Does it also draw the next generation of competitors?

Young competitors across the US and in Canada choose the open classic. It has exploded. I think as the years go by the prize money will continue to rise and maybe match the open one day. If this happens, I have no control over that. What is in my control is how much I can make out there competing and I work my ass off for that, but I can’t run and complain to whoever controls that and say I want more money.

How hard is the work outside the competition?

It’s a big effort, but at the end of the day, it’s not a particularly difficult job. Maybe this is the only way I’m thankful for what I can do, because I really love what I do every day. How can you feel that you are working hard if you are enjoying it all the time? I have built an amazing team around me to help me with my brand. I have a videographer, a photographer, and a friend that I’m in business with that helps me with my training app and our merch that we sell. We try to stay active in the community. It’s a lot of work, but it’s totally worth it. I’d rather be doing this than sitting behind a desk, so I’m not really complaining.

What’s the first sign that makes you think it’s time to consider competing?

That’s a good question. The first thing is my health. Because as much as I love bodybuilding and get a lot of joy and satisfaction from it, my health is my number one priority. If I retire without that, then what’s the point? After that, it continued the same fire. If I start to lose that fire and I’m not happy doping it, and I’m just forced

myself in it just for my ego to win another, or fifth, or sixth, then that’s not something I’m trying to live.

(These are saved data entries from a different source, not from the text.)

(* Let $a\in \mathcal{A}^d$ and $x\in\mathcal{A}$. Then the following are equivalent: (1) $a\in \mathcal{A}^{\mathrm{gcEP}}$ and $a^{\mathrm{gcEP}}=x$. (2) $xax=x$, $(ax)^*=ax$, $(xa-1)a^d=0$ and $im(x)\subseteq im(a^d)$. (3) $xax=x$, $\ell(x)=\ell(x^* )=\ell(a^d)$.
   Context: $\mathcal{A}$ is a complex Banach *-algebra with identity. $\mathcal{A}^{qnil}$ is the set of quasinilpotent elements ($\lim_n\|a^n\|^{1/n}=0$). $a\in\mathcal{A}^d$ means $a$ has a generalized Drazin inverse $a^d$, i.e. $a^d$ satisfies $a(a^d)^2=a^d$, $aa^d=a^da$, $a-a^2a^d\in\mathcal{A}^{qnil}$. An element $a$ has a generalized core-EP inverse if there is $x\in\mathcal{A}$ with $x=ax^2$, $(ax)^*=ax$, $\lim_{n\to\infty}\|a^n-xa^{n+1}\|^{1/n}=0$; such $x$ is unique and is denoted $a^{\mathrm{gcEP}}$, and $\mathcal{A}^{\mathrm{gcEP}}$ denotes the set of such elements. $\ell(\cdot)$ denotes the left annihilator, and $im(y)$ denotes the image (principal right ideal) $y\mathcal{A}$. *)

theory Defs
  imports "HOL-Analysis.Analysis"
begin

class complex_banach_star_algebra = banach + real_normed_algebra_1 +
  fixes cscale :: "complex \<Rightarrow> 'a \<Rightarrow> 'a"
    and invol :: "'a \<Rightarrow> 'a"
  assumes cscale_of_real: "cscale (complex_of_real r) x = scaleR r x"
    and cscale_add_left: "cscale (c + d) x = cscale c x + cscale d x"
    and cscale_add_right: "cscale c (x + y) = cscale c x + cscale c y"
    and cscale_mult: "cscale (c * d) x = cscale c (cscale d x)"
    and cscale_norm: "norm (cscale c x) = cmod c * norm x"
    and cscale_mult_left: "cscale c (x * y) = cscale c x * y"
    and cscale_mult_right: "cscale c (x * y) = x * cscale c y"
    and invol_invol: "invol (invol x) = x"
    and invol_add: "invol (x + y) = invol x + invol y"
    and invol_mult: "invol (x * y) = invol y * invol x"
    and invol_cscale: "invol (cscale c x) = cscale (cnj c) (invol x)"

definition qnil :: "'a::real_normed_algebra_1 \<Rightarrow> bool" where
  "qnil a \<longleftrightarrow> (\<lambda>n. root n (norm (a ^ n))) \<longlonglongrightarrow> 0"

definition is_gDrazin :: "'a::real_normed_algebra_1 \<Rightarrow> 'a \<Rightarrow> bool" where
  "is_gDrazin a y \<longleftrightarrow> a * y ^ 2 = y \<and> a * y = y * a \<and> qnil (a - a ^ 2 * y)"

definition has_gDrazin :: "'a::real_normed_algebra_1 \<Rightarrow> bool" where
  "has_gDrazin a \<longleftrightarrow> (\<exists>y. is_gDrazin a y)"

definition gDrazin :: "'a::real_normed_algebra_1 \<Rightarrow> 'a" where
  "gDrazin a = (THE y. is_gDrazin a y)"

definition is_gcEP :: "'a::complex_banach_star_algebra \<Rightarrow> 'a \<Rightarrow> bool" where
  "is_gcEP a x \<longleftrightarrow> x = a * x ^ 2 \<and> invol (a * x) = a * x \<and>
     (\<lambda>n. root n (norm (a ^ n - x * a ^ (n + 1)))) \<longlonglongrightarrow> 0"

definition has_gcEP :: "'a::complex_banach_star_algebra \<Rightarrow> bool" where
  "has_gcEP a \<longleftrightarrow> (\<exists>x. is_gcEP a x)"

definition gcEP :: "'a::complex_banach_star_algebra \<Rightarrow> 'a" where
  "gcEP a = (THE x. is_gcEP a x)"

definition lann :: "'a::ring \<Rightarrow> 'a set" where
  "lann y = {z. z * y = 0}"

definition im :: "'a::ring \<Rightarrow> 'a set" where
  "im y = {y * z | z. True}"

end

theory Submission
  imports Defs
begin

text \<open>Let \<open>p = a a\<^sup>d\<close>: an idempotent commuting with \<open>a\<close>, with \<open>a (1 - p)\<close> quasinilpotent.
  An element whose norm is bounded by \<open>C D\<^sup>n r\<^sub>n\<close> for all \<open>n \<ge> 1\<close>, where \<open>r\<^sub>n\<^sup>1\<^sup>/\<^sup>n \<rightarrow> 0\<close>,
  vanishes. If \<open>x\<close> is the generalized core-EP inverse, then
  \<open>(1 - p) x = (a (1 - p))\<^sup>n x\<^sup>n x\<close> and \<open>(x a - 1) a\<^sup>d = (x a\<^sup>n\<^sup>+\<^sup>1 - a\<^sup>n) (a\<^sup>d)\<^sup>n a\<^sup>d\<close>,
  so \<open>x = p x\<close> and \<open>x a a\<^sup>d = a\<^sup>d\<close>; the first identity is \<open>im x \<subseteq> im a\<^sup>d\<close>. Conversely these
  two identities give \<open>a\<^sup>n - x a\<^sup>n\<^sup>+\<^sup>1 = (1 - x a) (a (1 - p))\<^sup>n\<close>, hence the limit condition,
  and they make the self-adjoint idempotents \<open>a x\<close> for two such \<open>x\<close> absorb each other, hence
  coincide. Under them \<open>a x\<close>, \<open>p\<close>, \<open>x\<close> and \<open>a\<^sup>d\<close> divide each other on the right, so they
  have the same left annihilator; and an idempotent with the same left annihilator as its
  adjoint is self-adjoint.\<close>

lemma eq_0_if_norm_le_geometric_root_null:
  fixes w :: "'a::real_normed_vector" and r :: "nat \<Rightarrow> real"
  assumes lim: "(\<lambda>n. root n (r n)) \<longlonglongrightarrow> 0" and r_nonneg: "\<And>n. r n \<ge> 0"
    and "C \<ge> 0" "D \<ge> 0"
    and bound: "\<And>n. n \<ge> 1 \<Longrightarrow> norm w \<le> C * D ^ n * r n"
  shows "w = 0"
proof -
  define t where "t = 1 / (2 * (D + 1))"
  have "t > 0" and Dt: "D * t \<le> 1/2"
    using \<open>D \<ge> 0\<close> by (simp_all add: t_def field_simps)
  have "eventually (\<lambda>n. root n (r n) < t) sequentially"
    using lim \<open>t > 0\<close> by (simp add: order_tendsto_iff)
  then have "eventually (\<lambda>n. norm w \<le> C * (1/2) ^ n) sequentially"
    using eventually_ge_at_top[of 1]
  proof eventually_elim
    case (elim n)
    have "r n = root n (r n) ^ n"
      using elim r_nonneg[of n] by simp
    also have "\<dots> \<le> t ^ n"
      by (rule power_mono) (use elim r_nonneg[of n] in auto)
    finally have "r n \<le> t ^ n" .
    have "norm w \<le> C * D ^ n * r n"
      using bound elim by auto
    also have "\<dots> \<le> C * D ^ n * t ^ n"
      using \<open>r n \<le> t ^ n\<close> \<open>C \<ge> 0\<close> \<open>D \<ge> 0\<close> by (simp add: mult_left_mono)
    also have "\<dots> = C * (D * t) ^ n"
      by (simp add: power_mult_distrib mult.assoc)
    also have "\<dots> \<le> C * (1/2) ^ n"
      using Dt \<open>C \<ge> 0\<close> \<open>D \<ge> 0\<close> \<open>t > 0\<close> by (simp add: mult_left_mono power_mono)
    finally show ?case .
  qed
  moreover have "(\<lambda>n. C * (1/2::real) ^ n) \<longlonglongrightarrow> 0"
    by (intro tendsto_mult_right_zero LIMSEQ_power_zero) simp
  ultimately have "norm w \<le> 0"
    by (intro tendsto_lowerbound) auto
  then show ?thesis
    by simp
qed

lemma eq_0_if_eq_power_mult_root_null:
  fixes w c :: "'a::real_normed_algebra_1"
  assumes "(\<lambda>n. root n (norm (b n))) \<longlonglongrightarrow> 0"
    and "\<And>n. n \<ge> 1 \<Longrightarrow> w = c ^ n * b n"
  shows "w = 0"
proof (rule eq_0_if_norm_le_geometric_root_null[OF assms(1), where C = 1 and D = "norm c"])
  fix n :: nat
  assume "n \<ge> 1"
  have "norm w \<le> norm (c ^ n) * norm (b n)"
    using assms(2)[OF \<open>n \<ge> 1\<close>] by (simp add: norm_mult_ineq)
  also have "\<dots> \<le> norm c ^ n * norm (b n)"
    by (simp add: mult_right_mono norm_power_ineq)
  finally show "norm w \<le> 1 * norm c ^ n * norm (b n)"
    by simp
qed simp_all

lemma eq_0_if_eq_mult_power_root_null:
  fixes w c e :: "'a::real_normed_algebra_1"
  assumes "(\<lambda>n. root n (norm (b n))) \<longlonglongrightarrow> 0"
    and "\<And>n. n \<ge> 1 \<Longrightarrow> w = b n * c ^ n * e"
  shows "w = 0"
proof (rule eq_0_if_norm_le_geometric_root_null[OF assms(1), where C = "norm e" and D = "norm c"])
  fix n :: nat
  assume "n \<ge> 1"
  have "norm w \<le> norm (b n) * norm (c ^ n) * norm e"
    using assms(2)[OF \<open>n \<ge> 1\<close>] norm_mult_ineq[of "b n * c ^ n" e]
      mult_right_mono[OF norm_mult_ineq[of "b n" "c ^ n"] norm_ge_zero[of e]]
    by simp
  also have "\<dots> \<le> norm (b n) * norm c ^ n * norm e"
    by (simp add: mult_left_mono mult_right_mono norm_power_ineq)
  finally show "norm w \<le> norm e * norm c ^ n * norm (b n)"
    by (simp add: mult_ac)
qed simp_all

lemma root_norm_mult_left_null:
  fixes c :: "'a::real_normed_algebra"
  assumes lim: "(\<lambda>n. root n (norm (b n))) \<longlonglongrightarrow> 0"
  shows "(\<lambda>n. root n (norm (c * b n))) \<longlonglongrightarrow> 0"
proof (rule tendsto_sandwich[of "\<lambda>n. 0" _ _ "\<lambda>n. root n (norm c + 1) * root n (norm (b n))"])
  show "eventually (\<lambda>n. 0 \<le> root n (norm (c * b n))) sequentially"
    by (simp add: real_root_ge_zero)
  show "eventually (\<lambda>n. root n (norm (c * b n)) \<le> root n (norm c + 1) * root n (norm (b n)))
    sequentially"
    using eventually_ge_at_top[of 1]
  proof eventually_elim
    case (elim n)
    have "norm (c * b n) \<le> (norm c + 1) * norm (b n)"
      using norm_mult_ineq[of c "b n"] norm_ge_zero[of "b n"]
      by (simp only: distrib_right mult_1_left)
    then show ?case
      using elim by (simp add: real_root_mult[symmetric])
  qed
  show "(\<lambda>n. root n (norm c + 1) * root n (norm (b n))) \<longlonglongrightarrow> 0"
    using tendsto_mult[OF LIMSEQ_root_const lim] by (simp add: add_nonneg_pos)
qed simp

lemma power_mult_commuting:
  fixes x y :: "'a::monoid_mult"
  assumes "x * y = y * x"
  shows "(x * y) ^ n = x ^ n * y ^ n"
proof (induction n)
  case (Suc n)
  have "(x * y) ^ Suc n = x * (y * x ^ n) * y ^ n"
    by (simp add: Suc mult.assoc)
  also have "\<dots> = x ^ Suc n * y ^ Suc n"
    by (simp add: power_commuting_commutes[OF assms, symmetric] mult.assoc)
  finally show ?case .
qed simp

lemma power_idem:
  fixes e :: "'a::monoid_mult"
  assumes "e * e = e" and "n \<ge> 1"
  shows "e ^ n = e"
  using assms(2) by (induction n rule: dec_induct) (simp_all add: assms(1) power_Suc2)

lemma power_mult_power_absorb:
  fixes a x :: "'a::monoid_mult"
  assumes "a * x ^ 2 = x"
  shows "a ^ n * x ^ n * x = x"
proof -
  have "a ^ n * x ^ Suc n = x"
  proof (induction n)
    case (Suc n)
    have "a ^ Suc n * x ^ Suc (Suc n) = a ^ n * (a * x ^ 2) * x ^ n"
      unfolding power_Suc2[of a] power_Suc[of x] power2_eq_square by (simp only: mult.assoc)
    then show ?case
      using Suc by (simp only: assms mult.assoc power_Suc)
  qed simp
  then show ?thesis
    by (simp only: power_Suc2 mult.assoc)
qed

lemma ex_the_eq_iff:
  assumes "\<And>y z. P y \<Longrightarrow> P z \<Longrightarrow> y = z"
  shows "(\<exists>y. P y) \<and> (THE y. P y) = x \<longleftrightarrow> P x"
  using assms by (metis the_equality)

lemma lann_eq_if_mult:
  fixes x y :: "'a::ring"
  assumes "x = y * u" and "y = x * v"
  shows "lann x = lann y"
proof -
  have sub: "lann w \<subseteq> lann (w * t)" for w t :: 'a
    by (auto simp: lann_def mult.assoc[symmetric])
  show ?thesis
  proof (rule subset_antisym)
    show "lann x \<subseteq> lann y"
      using sub[of x v] unfolding assms(2)[symmetric] .
    show "lann y \<subseteq> lann x"
      using sub[of y u] unfolding assms(1)[symmetric] .
  qed
qed

lemma selfadjoint_eq_if_mult_eq:
  fixes e f :: "'a::complex_banach_star_algebra"
  assumes "invol e = e" and "invol f = f" and "f * e = e" and "e * f = f"
  shows "e = f"
proof -
  have "e = invol (f * e)"
    using assms(1,3) by simp
  also have "\<dots> = e * f"
    using assms(1,2) by (simp add: invol_mult)
  finally show ?thesis
    using assms(4) by simp
qed

lemma selfadjoint_if_lann_invol_eq:
  fixes e :: "'a::complex_banach_star_algebra"
  assumes "e * e = e" and "lann (invol e) = lann e"
  shows "invol e = e"
proof -
  have "invol e * invol e = invol e"
    using assms(1) by (metis invol_mult)
  then have "(1 - invol e) * invol e = 0"
    by (simp add: algebra_simps)
  then have "(1 - invol e) * e = 0"
    using assms(2) by (auto simp: lann_def)
  then have "e = invol e * e"
    by (simp add: algebra_simps)
  then show ?thesis
    by (metis invol_invol invol_mult)
qed

lemma lann_invol_outer_inverse:
  fixes a x :: "'a::complex_banach_star_algebra"
  assumes "x * a * x = x"
  shows "lann (invol x) = lann (invol (a * x))"
proof (rule lann_eq_if_mult)
  show "invol x = invol (a * x) * invol x"
    using assms by (metis invol_mult mult.assoc)
qed (rule invol_mult)

subsection \<open>Generalized Drazin inverses\<close>

lemma is_gDrazin_commute: "is_gDrazin a d \<Longrightarrow> a * d = d * a"
  by (simp add: is_gDrazin_def)

lemma is_gDrazin_absorb: "is_gDrazin a d \<Longrightarrow> a * d * d = d"
  unfolding is_gDrazin_def power2_eq_square by (metis mult.assoc)

lemma is_gDrazin_idem: "is_gDrazin a d \<Longrightarrow> a * d * (a * d) = a * d"
  by (metis is_gDrazin_absorb is_gDrazin_commute mult.assoc)

lemma is_gDrazin_qnil:
  assumes "is_gDrazin a d"
  shows "qnil (a * (1 - a * d))"
proof -
  have "a * (1 - a * d) = a - a ^ 2 * d"
    by (simp add: power2_eq_square right_diff_distrib mult.assoc)
  then show ?thesis
    using assms unfolding is_gDrazin_def by metis
qed

lemma is_gDrazin_power:
  assumes "is_gDrazin a d" and "n \<ge> 1"
  shows "a ^ n * d ^ n = a * d" and "d ^ n * a ^ n = a * d"
  using power_mult_commuting[OF is_gDrazin_commute[OF assms(1)], of n]
    power_mult_commuting[OF is_gDrazin_commute[OF assms(1), symmetric], of n]
    power_idem[OF is_gDrazin_idem[OF assms(1)] assms(2)] is_gDrazin_commute[OF assms(1)]
  by simp_all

Where do you draw the line healthwise?

I closely follow my blood and urine care with doctors, especially specialist doctors. I just moved to the US, so I got a new nephrologist (a doctor who specializes in conditions that affect the kidneys), and I have a specialist doctor monitoring my thing and I’ve had a record of it for the last four years and nothing has dropped much. I have a health issue: I have an autoimmune disease [not bodybuilding-related] which can affect my kidneys randomly. I handled that very well. So, when I see a comparison with the years before that it is decreasing at a rate that I am not happy about – that my doctors are not happy about (they know the expansion of the body and all that is involved) – then it can be done. a comparison of change over the years and if it’s declining at a rate I’m not happy with then I’ll pull over.

In 2021, 31 male and female competitors died worldwide. Is that something that weighs you down?

I think you are a fool in this game if you think you are ready and have nothing to worry about. It’s something that I hope each of us is concerned about and gets the right check and balance—make sure you see the right specialists and doctors who know you’re as healthy as you can be doing what you’re doing. There could be many factors involved in all the deaths, especially considering the year it is – I won’t go into that – but, of course it’s in my mind. I hope others have it too.

Point blank: Is this your last Olympia?

People always ask me how many more Olympias I have, and I answer, “One more.” And then I stop and say, “and maybe one more after that.” I really don’t know. That is the real truth.

How sure are you that you will win the 2022 Classic O again?